A Secret Service agent shot himself in the course of escorting Jill Biden through Philadelphia International Airport this morning.
This is the same agency that nearly let a gunman kill President Trump in Butler, Pennsylvania.
Now they're shooting themselves on routine airport runs – and the Secret Service's own statement tells you everything.
What Happened at Terminal C This Morning
Shortly after 8:30 a.m. Friday, the agent was in an unmarked black Chevrolet Suburban near the American Airlines departures area at Terminal C when the gun went off.
He shot himself in the leg.
Philadelphia police confirmed the incident and spent hours on scene – evidence markers in the trunk of the SUV, police tape around the vehicle, investigators combing through a routine airport departure gone wrong.
Secret Service spokesman Anthony Guglielmi released a statement calling it a "negligent discharge while handling a service weapon during a protective assignment."
Jill Biden was not present when it happened.
The agent was taken to a local hospital and is in stable condition.
The Secret Service's Office of Professional Responsibility – the same body reviewing Butler – is now investigating this too.
This Is Not the First Time
In September 2024, two months after Thomas Matthew Crooks put a bullet past Trump's ear in Butler, another Secret Service agent shot himself in Washington, D.C.
Same description. Same language. Same result.
And in 2017, a Secret Service officer had an accidental discharge in Washington, D.C. – same outcome, same referral to the Office of Professional Responsibility.
A 20-year-old with no military training climbed onto a rooftop 130 yards from Trump and sat there undetected for nearly 45 minutes before opening fire. The bipartisan independent review panel that investigated Butler used one phrase to describe what it found: the Secret Service has become "bureaucratic, complacent, and static."
They warned that "another Butler can and will happen again."
They were talking about protecting the president. But an agency where agents shoot themselves on routine airport assignments is an agency that has lost basic operational discipline across the board.
The Biden Years Left This Agency a Wreck
The Senate Homeland Security Committee found the Secret Service denied or left unfulfilled at least 10 requests from Trump's protective detail for additional resources during the 2024 campaign – counter-drone systems, counter-assault personnel, counter-snipers. All denied.
Ten days before Butler, senior Secret Service officials received classified intelligence about a threat to Trump's life. They never passed it to the agents on the ground.
Director Kimberly Cheatle told Congress no requests had been denied for Butler. The GAO found that was false. Cheatle resigned. Six agents received suspensions of ten to forty-two days.
Sen. Chuck Grassley called it inadequate: the consequences "do not reflect the severity of the situation."
He's right. Forty-two days off when your failures nearly cost the President his life is not accountability. It's paperwork.
What This Pattern Actually Proves
Negligent discharges happen in law enforcement.
They don't keep happening at the same agency – the one charged with protecting the most valuable targets on earth – unless something is broken at the foundation.
The independent panel wasn't describing a bad day in Butler. They found "deep flaws" and "a troubling lack of critical thinking" baked into the agency's culture. They recommended new outside leadership and said the problems were systemic.
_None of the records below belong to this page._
(* Let $G=(V,E)$ be a simple connected graph with $N\ge 2$ nodes. For the Mellin transform with parameter $s>0$ let $w_{ij}=d_{ij}^{-s}$ for all pairs $i\neq j$, and for the Laplace transform with parameter $\lambda>0$ let $w_{ij}=e^{-\lambda d_{ij}}$ if $d_{ij}>1$ and $w_{ij}=1$ if $(i,j)\in E$. Let $\tilde{L}_\tau(G,w)$ be the corresponding transformed $d$-path Laplacian, i.e. the weighted Laplacian with off-diagonal entries $-w_{ij}$ and diagonal entries $\sum_{j\neq i}w_{ij}$ (equivalently $\sum_{d=1}^{d_{max}}d^{-s}L_d$ in the Mellin case and $L+\sum_{d=2}^{d_{max}}e^{-\lambda d}L_d$ in the Laplace case), and let $\lambda_2(G,w)$ and $\lambda_N(G,w)$ be its second smallest and largest eigenvalues. If $s'<s$ (Mellin case) or $\lambda'<\lambda$ (Laplace case), and $w'$ denotes the weights with parameter $s'$ (resp. $\lambda'$), then $\lambda_2(G,w')\ge\lambda_2(G,w)$ and $\lambda_N(G,w')\ge\lambda_N(G,w)$. That is, $\lambda_2(G,w)$ and $\lambda_N(G,w)$ are non-increasing in $s$ (resp. $\lambda$).
   Context: $d_{ij}$ is the shortest-path distance between nodes $i,j$ in $G$ and $d_{max}$ the diameter. $L$ is the usual graph Laplacian. For $1\le d\le d_{max}$, $L_d$ is the $N\times N$ matrix with $(L_d)_{ij}=-1$ if $i\ne j$ and $d_{ij}=d$, $0$ for other off-diagonal entries, and $(L_d)_{ii}$ equal to the number of nodes at distance $d$ from $i$. Eigenvalues are ordered $0=\lambda_1\le\lambda_2\le\cdots\le\lambda_N$. *)

theory Defs
  imports "Jordan_Normal_Form.Char_Poly" "HOL-Library.Multiset"
begin

definition is_walk :: "(nat \<Rightarrow> nat \<Rightarrow> bool) \<Rightarrow> nat \<Rightarrow> nat list \<Rightarrow> bool" where
  "is_walk E N xs \<longleftrightarrow> xs \<noteq> [] \<and> set xs \<subseteq> {..<N} \<and>
     (\<forall>k. k + 1 < length xs \<longrightarrow> E (xs ! k) (xs ! (k + 1)))"

definition simple_graph :: "(nat \<Rightarrow> nat \<Rightarrow> bool) \<Rightarrow> nat \<Rightarrow> bool" where
  "simple_graph E N \<longleftrightarrow> (\<forall>i j. E i j \<longrightarrow> i < N \<and> j < N) \<and>
     (\<forall>i j. E i j \<longrightarrow> E j i) \<and> (\<forall>i. \<not> E i i)"

definition graph_connected :: "(nat \<Rightarrow> nat \<Rightarrow> bool) \<Rightarrow> nat \<Rightarrow> bool" where
  "graph_connected E N \<longleftrightarrow> (\<forall>i<N. \<forall>j<N. \<exists>xs. is_walk E N xs \<and> hd xs = i \<and> last xs = j)"

definition gdist :: "(nat \<Rightarrow> nat \<Rightarrow> bool) \<Rightarrow> nat \<Rightarrow> nat \<Rightarrow> nat \<Rightarrow> nat" where
  "gdist E N i j = (LEAST k. \<exists>xs. is_walk E N xs \<and> hd xs = i \<and> last xs = j \<and> length xs = k + 1)"

definition wlaplacian :: "nat \<Rightarrow> (nat \<Rightarrow> nat \<Rightarrow> real) \<Rightarrow> real mat" where
  "wlaplacian N w = mat N N (\<lambda>(i, j). if i = j then (\<Sum>k\<in>{..<N} - {i}. w i k) else - w i j)"

definition mellin_weight :: "(nat \<Rightarrow> nat \<Rightarrow> bool) \<Rightarrow> nat \<Rightarrow> real \<Rightarrow> nat \<Rightarrow> nat \<Rightarrow> real" where
  "mellin_weight E N s i j = real (gdist E N i j) powr (- s)"

definition laplace_weight :: "(nat \<Rightarrow> nat \<Rightarrow> bool) \<Rightarrow> nat \<Rightarrow> real \<Rightarrow> nat \<Rightarrow> nat \<Rightarrow> real" where
  "laplace_weight E N l i j = (if E i j then 1 else exp (- l * real (gdist E N i j)))"

definition sorted_eigenvalues :: "real mat \<Rightarrow> real list" where
  "sorted_eigenvalues A = sorted_list_of_multiset (proots (char_poly A))"

text \<open>k-th smallest eigenvalue, 1-based: lambda_1 <= ... <= lambda_N.\<close>
definition eigval :: "real mat \<Rightarrow> nat \<Rightarrow> real" where
  "eigval A k = sorted_eigenvalues A ! (k - 1)"

end

theory Submission
  imports Defs "Jordan_Normal_Form.Schur_Decomposition"
begin

text \<open>Raising \<open>s\<close> (resp. \<open>\<lambda>\<close>) lowers every off-diagonal weight, and the quadratic form of a
  weighted Laplacian, \<open>x\<^sup>T L x = \<Sum>\<^sub>i\<^sub>,\<^sub>j w\<^sub>i\<^sub>j (x\<^sub>i - x\<^sub>j)\<^sup>2 / 2\<close>, is monotone in the weights.
  So the Laplacian only decreases in the Loewner order, and by Courant--Fischer so do all its
  eigenvalues. Concretely, diagonalising both matrices orthogonally, the largest eigenvalue is the
  maximum of the Rayleigh quotient, and the second one is squeezed by a unit vector orthogonal to a
  bottom eigenvector of the smaller matrix inside the span of the two bottom eigenvectors of the
  larger one.\<close>

section \<open>Spectral theorem for real symmetric matrices\<close>

lemma orthogonal_mat_right_inverse:
  fixes U :: "'a :: field mat"
  assumes "U \<in> carrier_mat n n" and "transpose_mat U * U = 1\<^sub>m n"
  shows "U * transpose_mat U = 1\<^sub>m n"
  using mat_mult_left_right_inverse[of "transpose_mat U" n U] assms by simp

lemma symmetric_mat_entry:
  assumes "A \<in> carrier_mat n n" and "transpose_mat A = A" and "i < n" and "j < n"
  shows "A $$ (j, i) = A $$ (i, j)"
  using assms by (metis carrier_matD index_transpose_mat(1))

lemma symmetric_mat_congruence:
  fixes A :: "'a :: comm_semiring_1 mat"
  assumes W: "W \<in> carrier_mat n n" and A: "A \<in> carrier_mat n n" and sym: "transpose_mat A = A"
  shows "transpose_mat (transpose_mat W * A * W) = transpose_mat W * A * W"
proof -
  have WA: "transpose_mat W * A \<in> carrier_mat n n" using W A by simp
  have "transpose_mat (transpose_mat W * A * W) = transpose_mat W * transpose_mat (transpose_mat W * A)"
    by (rule transpose_mult[OF WA W])
  also have "transpose_mat (transpose_mat W * A) = A * W"
    using transpose_mult[of "transpose_mat W" n n A n] W A sym by simp
  finally show ?thesis using W A by (simp add: assoc_mult_mat[of _ n n _ n _ n])
qed

lemma congruence_entry:
  fixes A :: "'a :: comm_semiring_1 mat"
  assumes W: "W \<in> carrier_mat n n" and A: "A \<in> carrier_mat n n" and i: "i < n" and j: "j < n"
  shows "(transpose_mat W * A * W) $$ (i, j) = col W i \<bullet> (A *\<^sub>v col W j)"
proof -
  have "transpose_mat W * A * W = transpose_mat W * (A * W)"
    using W A by (metis assoc_mult_mat transpose_carrier_mat)
  then show ?thesis
    using W A i j by (simp add: col_mult2[OF A W j])
qed

text \<open>A root of the complex characteristic polynomial is real because the Hermitian form
  \<open>w\<^sup>* A w\<close> is real and equals the root times the positive number \<open>w\<^sup>* w\<close>.\<close>

lemma hermitian_form_real:
  fixes A :: "real mat" and w :: "complex vec"
  assumes A: "A \<in> carrier_mat n n" and sym: "transpose_mat A = A"
  defines "s \<equiv> (\<Sum>i<n. \<Sum>j<n. cnj (w $ i) * of_real (A $$ (i, j)) * w $ j)"
  shows "cnj s = s"
proof -
  have "cnj s = (\<Sum>i<n. \<Sum>j<n. w $ i * of_real (A $$ (i, j)) * cnj (w $ j))"
    unfolding s_def by simp
  also have "\<dots> = (\<Sum>j<n. \<Sum>i<n. w $ i * of_real (A $$ (i, j)) * cnj (w $ j))"
    by (rule sum.swap)
  also have "\<dots> = s"
    unfolding s_def using symmetric_mat_entry[OF A sym]
    by (intro sum.cong refl) (simp add: mult_ac)
  finally show ?thesis .
qed

lemma symmetric_mat_real_eigenvalue:
  fixes A :: "real mat"
  assumes A: "A \<in> carrier_mat n n" and sym: "transpose_mat A = A" and n: "n > 0"
  shows "\<exists>e. eigenvalue A e"
proof -
  let ?C = "map_mat complex_of_real A"
  have C: "?C \<in> carrier_mat n n" using A by auto
  have "degree (char_poly ?C) = n" using degree_monic_char_poly[OF C] by auto
  then obtain z where z: "poly (char_poly ?C) z = 0"
    using fundamental_theorem_of_algebra constant_degree n by (metis neq0_conv)
  then obtain w where "eigenvector ?C w z"
    using eigenvalue_root_char_poly[OF C] unfolding eigenvalue_def by auto
  hence w: "w \<in> carrier_vec n" "w \<noteq> 0\<^sub>v n" "?C *\<^sub>v w = z \<cdot>\<^sub>v w"
    unfolding eigenvector_def using C by auto
  define s where "s = (\<Sum>i<n. \<Sum>j<n. cnj (w $ i) * of_real (A $$ (i, j)) * w $ j)"
  define r where "r = (\<Sum>i<n. (cmod (w $ i))\<^sup>2)"
  have "s = (\<Sum>i<n. cnj (w $ i) * (?C *\<^sub>v w) $ i)"
    unfolding s_def using A w(1)
    by (auto simp: scalar_prod_def sum_distrib_left mult_ac intro!: sum.cong)
  also have "\<dots> = z * of_real r"
    unfolding w(3) r_def of_real_sum sum_distrib_left using w(1)
    by (intro sum.cong refl) (simp add: mult.commute mult.left_commute flip: complex_norm_square)
  finally have s: "s = z * of_real r" .
  obtain i where "i < n" "w $ i \<noteq> 0" using w(1,2) by force
  hence "r > 0" unfolding r_def by (intro sum_pos2[of _ i]) auto
  moreover have "cnj s = s" unfolding s_def by (rule hermitian_form_real[OF A sym])
  ultimately have "cnj z = z" using s by (simp add: complex_cnj_mult)
  hence zr: "z = of_real (Re z)" by (metis Reals_cnj_iff complex_is_Real_iff of_real_Re)
  have "char_poly ?C = map_poly of_real (char_poly A)" by (rule of_real_hom.char_poly_hom[OF A])
  hence "poly (char_poly A) (Re z) = 0"
    using z zr by (metis of_real_hom.poly_map_poly of_real_eq_0_iff)
  thus ?thesis using eigenvalue_root_char_poly[OF A] by blast
qed

lemma symmetric_mat_unit_eigenvector:
  fixes A :: "real mat"
  assumes A: "A \<in> carrier_mat n n" and sym: "transpose_mat A = A" and n: "n > 0"
  obtains e v where "v \<in> carrier_vec n" "v \<bullet> v = 1" "A *\<^sub>v v = e \<cdot>\<^sub>v v"
proof -
  obtain e where ev: "eigenvalue A e" using symmetric_mat_real_eigenvalue[OF A sym n] by auto
  define u where "u = find_eigenvector A e"
  have u: "u \<in> carrier_vec n" "u \<noteq> 0\<^sub>v n" "A *\<^sub>v u = e \<cdot>\<^sub>v u"
    using find_eigenvector[OF A ev, folded u_def] A unfolding eigenvector_def by auto
  have "u \<bullet> u > 0"
  proof -
    obtain i where i: "i < n" "u $ i \<noteq> 0" using u(1,2) by force
    have "u \<bullet> u = (\<Sum>k<n. (u $ k)\<^sup>2)"
      using u(1) by (simp add: scalar_prod_def power2_eq_square lessThan_atLeast0)
    also have "\<dots> > 0" by (rule sum_pos2[of _ i]) (use i in auto)
    finally show ?thesis .
  qed
  define v where "v = (1 / sqrt (u \<bullet> u)) \<cdot>\<^sub>v u"
  have "v \<in> carrier_vec n" unfolding v_def using u by simp
  moreover have "v \<bullet> v = 1" unfolding v_def using u(1) \<open>u \<bullet> u > 0\<close> by (simp add: field_simps)
  moreover have "A *\<^sub>v v = e \<cdot>\<^sub>v v" unfolding v_def using u A
    by (simp add: mult_mat_vec smult_smult_assoc mult.commute)
  ultimately show ?thesis by (rule that)
qed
The Office of Professional Responsibility can keep filing reports. Until the Secret Service fixes what Butler exposed, Americans are watching an agency that denied Trump's security requests, nearly got him killed, and still can't handle a weapon in a parking lot.
Sources:
- Anthony Guglielmi, Secret Service Statement on Philadelphia Incident, U.S. Secret Service, March 27, 2026.
- Emily Hallas, "Jill Biden's Secret Service Agent Shoots Himself While Escorting Her Through Airport," Washington Examiner, March 27, 2026.
- "Secret Service Uniformed Officer Accidentally Shoots Himself While on Duty," Fox News, September 23, 2024.
- "U.S. Secret Service One-Year Update Following the July 13, 2024, Attempted Assassination of President Donald Trump," U.S. Secret Service, July 2025.
- "Grassley Report Concludes Secret Service Failure to Share Threat Information Allowed for Preventable Tragedy in Butler," Senate Judiciary Committee, July 2025.
- Independent Review Panel, "Secret Service Needs Fundamental Reform," Department of Homeland Security, October 2024.